I miss my siblings every day. I miss them in my dreams, when I’m at work, and every time I call my two best friends “brother” or “sister.” Sometimes, I miss my father. And even more rarely, I miss my mother – or the person I thought she was.

But more than anything, I miss living in a world where I felt like it was impossible to lose love. I never imagined that my mother and father would do this to me. But they did. And so, when my partner tells me to trust him, to trust in our love, I want to, but I’m not sure I can.

When I Google relationship articles, I am seeking to set myself on an established path that will guarantee that I don’t lose anyone else. I feel that I must have done something wrong to make my parents do this to me, so I am scouring the internet for a way to make it right – to not let it happen again.

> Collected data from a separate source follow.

(* Let $p\in(1,2]$ and let $H:\mathbb{R}^d\to\mathbb{R}^d$ be non-expansive in the Euclidean norm, i.e. $\|H(x)-H(y)\|\le\|x-y\|$ for all $x,y$. Assume the set $\mathcal X=\{x: H(x)=x\}$ of fixed points is nonempty and bounded. Consider $x_{k+1}=x_k+\alpha_k(H(x_k)-x_k+w_k)$ with $\mathcal F_k=\sigma(x_0,\dots,x_k)$, and suppose that $\mathbb{E}[w_k\mid\mathcal F_k]=0$ a.s. and that there exist a point $\bar x\in\mathcal X$ and constants $A>0$, $B\ge0$ with $\mathbb{E}[\|w_k\|^p\mid\mathcal F_k]\le A+B\|x_k-\bar x\|^p$ a.s. for all $k$. If $(\alpha_k)$ is a positive decreasing sequence with $\sum_k\alpha_k=\infty$ and $\sum_k\alpha_k^p<\infty$, then $x_k$ converges almost surely to a (possibly random) point of $\mathcal X$.
   Context: $\|\cdot\|$ is the Euclidean norm; $x_0$ is an initial point and $w_k$ are integrable random noise vectors. *)

theory Defs
  imports "HOL-Probability.Probability"
begin

definition nat_filtration ::
  "'a measure \<Rightarrow> (nat \<Rightarrow> 'a \<Rightarrow> 'b::topological_space) \<Rightarrow> nat \<Rightarrow> 'a measure" where
  "nat_filtration M x k =
     sigma (space M) (\<Union>i\<in>{..k}. {x i -` A \<inter> space M | A. A \<in> sets borel})"

end

theory Submission
  imports Defs
begin

(* Fix a fixed point z of H and use V_k = 1 + |x_k - z|^2 as Lyapunov function. Truncating the
   scaled noise alpha_k w_k at the level sqrt V_k, one step of the iteration gives
     V_{k+1} <= V_k (1 - alpha_k (1 - alpha_k) |x_k - H x_k|^2 / V_k + 2 d_k + O(theta_k)),
   where theta_k = (alpha_k |w_k| / sqrt V_k)^p has E theta_k = O(alpha_k^p) by the conditional
   p-th moment bound, and d_k is a bounded cross term whose conditional mean is O(E theta_k)
   because the untruncated cross term is a martingale difference. Hence sum theta_k < oo and
   sum d_k converges almost surely (L^2 martingale convergence plus an absolutely summable
   compensator), and taking logarithms shows that |x_k - z| converges and
   sum alpha_k |x_k - H x_k|^2 < oo. Running this simultaneously for a countable dense set of
   fixed points, Opial's argument gives convergence to a fixed point. *)

section \<open>Perturbed averaged iterations\<close>

definition japanese_bracket :: "'a::real_normed_vector \<Rightarrow> real" where
  "japanese_bracket v = sqrt (1 + (norm v)\<^sup>2)"

lemma japanese_bracket_ge_one: "1 \<le> japanese_bracket v"
  by (simp add: japanese_bracket_def)

lemma power2_japanese_bracket: "(japanese_bracket v)\<^sup>2 = 1 + (norm v)\<^sup>2"
  by (simp add: japanese_bracket_def add_nonneg_nonneg)

lemma norm_le_japanese_bracket: "norm v \<le> japanese_bracket v"
  unfolding japanese_bracket_def by (rule real_le_rsqrt) simp

definition cutoff :: "real \<Rightarrow> 'a::real_normed_vector \<Rightarrow> 'a" where
  "cutoff r W = (if norm W \<le> r then W else 0)"

lemma borel_measurable_cutoff [measurable]:
  fixes f :: "'a \<Rightarrow> 'b::{real_normed_vector, second_countable_topology}"
  assumes [measurable]: "r \<in> borel_measurable N" "f \<in> borel_measurable N"
  shows "(\<lambda>\<omega>. cutoff (r \<omega>) (f \<omega>)) \<in> borel_measurable N"
  unfolding cutoff_def by measurable

lemma power2_le_powr:
  fixes v p :: real
  assumes "0 \<le> v" and "v \<le> 1" and "p \<le> 2"
  shows "v\<^sup>2 \<le> v powr p"
proof (cases "v = 0")
  case False
  then have "v powr 2 \<le> v powr p" using assms by (intro powr_mono') auto
  then show ?thesis using False assms by (simp add: powr_numeral)
qed (use assms in auto)

lemma le_powr_if_one_le:
  fixes u p :: real
  assumes "1 \<le> u" and "1 \<le> p"
  shows "u \<le> u powr p"
  using powr_mono[OF assms(2) assms(1)] assms(1) by simp
(* Let $\varphi,\psi\in G$ satisfy $\lim_{t\to 0+}\psi(t)/\varphi(t)=0$, and let $F$ be a symmetric space on $[0,1]$ whose fundamental function is $\psi$. Then $\Lambda(\varphi)\subset F$ and the identity inclusion operator $I:\Lambda(\varphi)\to F$ is disjointly strictly singular.
   Context: All functions are Lebesgue measurable on $[0,1]$, $\mu$ is Lebesgue measure, and $x^*$ denotes the decreasing left-continuous rearrangement of $|x|$. A symmetric space (SS) on $[0,1]$ is a Banach space $E$ of measurable functions on $[0,1]$ such that: (1) if $y\in E$ and $|x(t)|\le |y(t)|$ then $x\in E$ and $\|x\|\le\|y\|$; (2) if $y\in E$ and $x,y$ are equimeasurable (i.e. $\mu\{|x|>\tau\}=\mu\{|y|>\tau\}$ for all $\tau>0$) then $x\in E$ and $\|x\|=\|y\|$. The fundamental function of $E$ is $f_E(t)=\|\chi_{(0,t)}\|_E$. $G$ denotes the class of all positive increasing concave functions on $(0,1]$. For $\varphi\in G$, the Lorentz space $\Lambda(\varphi)$ consists of all measurable $x$ with $\|x\|_{\Lambda(\varphi)}=\int_0^1 x^*(s)\,d\varphi(s)<\infty$. A bounded linear operator $T$ from a Banach lattice $X$ into a Banach space $Y$ is disjointly strictly singular (DSS) if there is no sequence of nonzero pairwise disjoint elements $x_n\in X$ such that the restriction of $T$ to their closed linear span $[x_n]$ is an isomorphism (onto its image). *)

theory Defs
  imports "HOL-Analysis.Analysis"
begin

definition meas01 :: "(real \<Rightarrow> real) \<Rightarrow> bool" where
  "meas01 x \<longleftrightarrow> x \<in> borel_measurable (lebesgue_on {0..1})"

definition distr01 :: "(real \<Rightarrow> real) \<Rightarrow> ennreal \<Rightarrow> ennreal" where
  "distr01 x \<tau> = emeasure lebesgue {t \<in> {0..1}. ennreal \<bar>x t\<bar> > \<tau>}"

text \<open>Decreasing left-continuous rearrangement of |x| (values in [0,\<infinity>]);
  at t = 0 it is the essential supremum (the limit x*(0+)).\<close>
definition rearr :: "(real \<Rightarrow> real) \<Rightarrow> real \<Rightarrow> ennreal" where
  "rearr x t = (if t \<le> 0 then Inf {\<tau>. distr01 x \<tau> = 0}
                else Inf {\<tau>. distr01 x \<tau> < ennreal t})"

definition equimeasurable :: "(real \<Rightarrow> real) \<Rightarrow> (real \<Rightarrow> real) \<Rightarrow> bool" where
  "equimeasurable x y \<longleftrightarrow>
     (\<forall>\<tau>::real. \<tau> > 0 \<longrightarrow>
        emeasure lebesgue {t \<in> {0..1}. \<bar>x t\<bar> > \<tau>} = emeasure lebesgue {t \<in> {0..1}. \<bar>y t\<bar> > \<tau>})"

definition classG :: "(real \<Rightarrow> real) \<Rightarrow> bool" where
  "classG \<phi> \<longleftrightarrow> (\<forall>t\<in>{0<..1}. \<phi> t > 0) \<and> mono_on {0<..1} \<phi> \<and> concave_on {0<..1} \<phi>"

text \<open>Extension of \<phi> to a nondecreasing right-continuous function on the reals,
  with the convention \<phi>(0) = 0: the Stieltjes measure d\<phi> on [0,1] then carries
  the atom \<phi>(0+) at 0 (standard Krein-Petunin-Semenov convention).\<close>
definition phi_ext :: "(real \<Rightarrow> real) \<Rightarrow> real \<Rightarrow> real" where
  "phi_ext \<phi> t = (if t < 0 then 0
                  else if t = 0 then Inf (\<phi> ` {0<..1})
                  else if t \<le> 1 then \<phi> t else \<phi> 1)"

definition lorentz_norm :: "(real \<Rightarrow> real) \<Rightarrow> (real \<Rightarrow> real) \<Rightarrow> ennreal" where
  "lorentz_norm \<phi> x = (\<integral>\<^sup>+ s. rearr x s * indicator {0..1} s \<partial>interval_measure (phi_ext \<phi>))"

definition lorentz_space :: "(real \<Rightarrow> real) \<Rightarrow> (real \<Rightarrow> real) set" where
  "lorentz_space \<phi> = {x. meas01 x \<and> lorentz_norm \<phi> x < \<infinity>}"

In better moments, I know that these articles try to give us a path to happiness that doesn’t exist. It doesn’t exist because dismantling those evil voices in your head (whether your parents put them there or whether the patriarchy did) is much harder than simply following the rule and texting exactly three days after he gives you his number.  

I know all this. I know it, and what’s more, I just wrote it for you. But my mother and I have unfinished business, and I haven’t rid myself of her voice yet. I still don’t know how to live up to my ideals of trust, self-confidence and feminism. Until I figure it out, you may find me seeking solace in a Google search bar, which offers easy answers in a world that seems devoid of them.